Assignment:
Provide only the number of lines in the records below that include "open".

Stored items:
definition height :: "('a \<Rightarrow> 'a \<Rightarrow> bool) \<Rightarrow> 'a set \<Rightarrow> 'a \<Rightarrow> nat" where
  "height R A p = Max (card ` chains_ending_at R A p)"

lemma finite_chains_ending_at: "finite A \<Longrightarrow> finite (chains_ending_at R A p)"
  unfolding chains_ending_at_def by (rule finite_subset[of _ "Pow A"]) auto

lemma singleton_in_chains_ending_at: "p \<in> A \<Longrightarrow> {p} \<in> chains_ending_at R A p"
  unfolding chains_ending_at_def by auto

lemma height_ge_1:
  assumes "finite A" "p \<in> A"
  shows "1 \<le> height R A p"
proof -
  have "card {p} \<le> height R A p"
    unfolding height_def
    using finite_chains_ending_at[OF assms(1)] singleton_in_chains_ending_at[OF assms(2)]
    by (intro Max_ge finite_imageI imageI)
  then show ?thesis by simp
qed

lemma height_le:
  assumes "finite A" "p \<in> A"
    and chains: "\<And>C. C \<subseteq> A \<Longrightarrow> (\<forall>q\<in>C. \<forall>r\<in>C. q \<noteq> r \<longrightarrow> R q r \<or> R r q) \<Longrightarrow> card C \<le> k"
  shows "height R A p \<le> k"
  unfolding height_def
  using finite_chains_ending_at[OF assms(1)] singleton_in_chains_ending_at[OF assms(2)]
  by (subst Max_le_iff) (auto simp: chains_ending_at_def intro: chains)

text \<open>Mirsky's argument: a longest chain ending at \<open>q\<close> extends by \<open>p\<close>.\<close>
lemma height_strict_mono:
  assumes "finite A" "transp R" "irreflp R" "p \<in> A" "q \<in> A" "R q p"
  shows "height R A q < height R A p"
proof -
  have "height R A q \<in> card ` chains_ending_at R A q"
    unfolding height_def
    using finite_chains_ending_at[OF assms(1)] singleton_in_chains_ending_at[OF assms(5)]
    by (intro Max_in) auto
  then obtain C where C: "C \<in> chains_ending_at R A q" "card C = height R A q" by (metis imageE)
  have below_p: "R r p" if "r \<in> C" for r
    using C(1) that assms(2,6) unfolding chains_ending_at_def by (auto dest: transpD)
  then have "p \<notin> C" using assms(3) by (auto simp: irreflp_def)
  have "insert p C \<in> chains_ending_at R A p"
    using C(1) below_p assms(4) unfolding chains_ending_at_def by auto
  then have "card (insert p C) \<le> height R A p"
    unfolding height_def using finite_chains_ending_at[OF assms(1)] by (intro Max_ge) auto
  moreover have "finite C"
    using C(1) assms(1) finite_subset unfolding chains_ending_at_def by auto
  ultimately show ?thesis using \<open>p \<notin> C\<close> C(2) by simp
qed

lemma lexordp_rotations_sum_less:
  fixes a b c d :: nat
  assumes "ord_class.lexordp [a, b] [c, d]" "ord_class.lexordp [b, a] [d, c]"
  shows "a + b < c + d"
  using assms by auto

lemma card_two_subsets_times_two: "card {B. B \<subseteq> {1..m} \<and> card B = 2} * 2 = m * (m - 1)"
proof -
  have "even (m * (m - 1))" by (cases m) auto
  then show ?thesis by (simp add: n_subsets choose_two)
qed

definition below :: "nat list list \<Rightarrow> nat \<times> nat \<Rightarrow> nat \<times> nat \<Rightarrow> bool" where
  "below ws q p \<longleftrightarrow> fst q \<le> fst p \<and> ord_class.lexordp (wshift ws (fst p) (snd p)) (wshift ws (fst q) (snd q))"

lemma transp_below: "transp (below ws)"
  unfolding below_def transp_def using lexordp_trans by fastforce

lemma irreflp_below: "irreflp (below ws)"
  unfolding below_def irreflp_def using lexordp_irreflexive' by fastforce

lemma below_not_prec: "below ws q p \<Longrightarrow> \<not> prec ws q p \<and> \<not> prec ws p q"
  unfolding below_def prec_def using lexordp_antisym by fastforce

lemma finite_pairs: "finite (pairs t ws)"
  by (simp add: pairs_def)

lemma mem_pairs_2: "(i, j) \<in> pairs 2 ws \<longleftrightarrow> i < length ws \<and> (j = 0 \<or> j = 1)"
  unfolding pairs_def by auto

abbreviation pair_height :: "nat list list \<Rightarrow> nat \<times> nat \<Rightarrow> nat" where
  "pair_height ws \<equiv> height (below ws) (pairs 2 ws)"

lemma pair_height_bounds:
  assumes "n_light 2 n ws" "p \<in> pairs 2 ws"
  shows "1 \<le> pair_height ws p" "pair_height ws p \<le> n - 1"
proof -
  show "1 \<le> pair_height ws p" using height_ge_1[OF finite_pairs assms(2)] .
  show "pair_height ws p \<le> n - 1"
  proof (rule height_le[OF finite_pairs assms(2)], rule ccontr)
    fix C assume C: "C \<subseteq> pairs 2 ws" "\<forall>q\<in>C. \<forall>r\<in>C. q \<noteq> r \<longrightarrow> below ws q r \<or> below ws r q"
      and "\<not> card C \<le> n - 1"
    then have "n \<le> card C" by simp
    then obtain S where S: "S \<subseteq> C" "card S = n" by (rule obtain_subset_with_card_n)
    have "\<not> prec ws q r" if "q \<in> S" "r \<in> S" for q r
    proof (cases "q = r")
      case False
      then have "below ws q r \<or> below ws r q" using C(2) S(1) that by blast
      then show ?thesis using below_not_prec by blast
    qed (simp add: prec_def)
    moreover have "S \<subseteq> pairs 2 ws" using S(1) C(1) by blast
    ultimately show False using assms(1) S(2) unfolding n_light_def by blast
  qed
qed

context
  fixes ws :: "nat list list" and l :: nat
  assumes sys: "system_X 2 l ws"
begin

lemma word_shape:
  assumes "i < length ws"
  obtains c d where "ws ! i = [c, d]" "c \<noteq> d" "c < l" "d < l"
proof -
  have len: "length (ws ! i) = 2" and letters: "set (ws ! i) \<subseteq> {..<l}"
    and prim: "primitive (ws ! i)"
    using sys assms unfolding system_X_def by auto
  obtain c d where w: "ws ! i = [c, d]"
    using len by (cases "ws ! i"; cases "tl (ws ! i)") auto
  have "c \<noteq> d"
  proof
    assume "c = d"
    then have "ws ! i = concat (replicate 2 [c])" using w by (simp add: numeral_2_eq_2)
    then show False using prim unfolding primitive_def by (metis one_less_numeral_iff semiring_norm(76))
  qed
  then show thesis using that w letters by auto
qed

lemma wshift_distinct:
  assumes "p \<in> pairs 2 ws" "q \<in> pairs 2 ws" "p \<noteq> q"
  shows "wshift ws (fst p) (snd p) \<noteq> wshift ws (fst q) (snd q)"
proof -
  obtain i j i' j' where p: "p = (i, j)" and q: "q = (i', j')" by (cases p, cases q)
  have idx: "i < length ws" "j = 0 \<or> j = 1" "i' < length ws" "j' = 0 \<or> j' = 1"
    using assms(1,2) p q by (auto simp: mem_pairs_2)
  obtain c d where w: "ws ! i = [c, d]" "c \<noteq> d" using word_shape[OF idx(1)] by blast
  obtain c' d' where w': "ws ! i' = [c', d']" using word_shape[OF idx(3)] by blast
  show ?thesis
  proof (cases "i = i'")
    case True
    then show ?thesis using assms(3) idx w p q by (auto simp: wshift_def)
  next
    case False
    then have "\<not> cyc_shift (ws ! i) (ws ! i')" using sys idx unfolding system_X_def by blast
    then have "ws ! i' \<noteq> rotate 0 (ws ! i)" "ws ! i' \<noteq> rotate 1 (ws ! i)"
      unfolding cyc_shift_def by blast+
    then show ?thesis using idx w w' p q by (auto simp: wshift_def)
  qed
qed

lemma prec_or_below:
  assumes "p \<in> pairs 2 ws" "q \<in> pairs 2 ws" "p \<noteq> q"
  shows "prec ws p q \<or> prec ws q p \<or> below ws p q \<or> below ws q p"
  using wshift_distinct[OF assms] lexordp_linear[of "wshift ws (fst p) (snd p)" "wshift ws (fst q) (snd q)"]
  unfolding prec_def below_def by auto

lemma prec_of_pair_height_eq:
  assumes "p \<in> pairs 2 ws" "q \<in> pairs 2 ws" "pair_height ws p = pair_height ws q" "fst p < fst q"
  shows "prec ws p q"
proof -
  have "\<not> below ws p q" "\<not> below ws q p"
    using height_strict_mono[OF finite_pairs transp_below irreflp_below, of _ 2 ws] assms(1-3)
    by (metis less_irrefl)+
  then show ?thesis using prec_or_below[OF assms(1,2)] assms(4) by (auto simp: prec_def)
qed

Solution for this problem:
2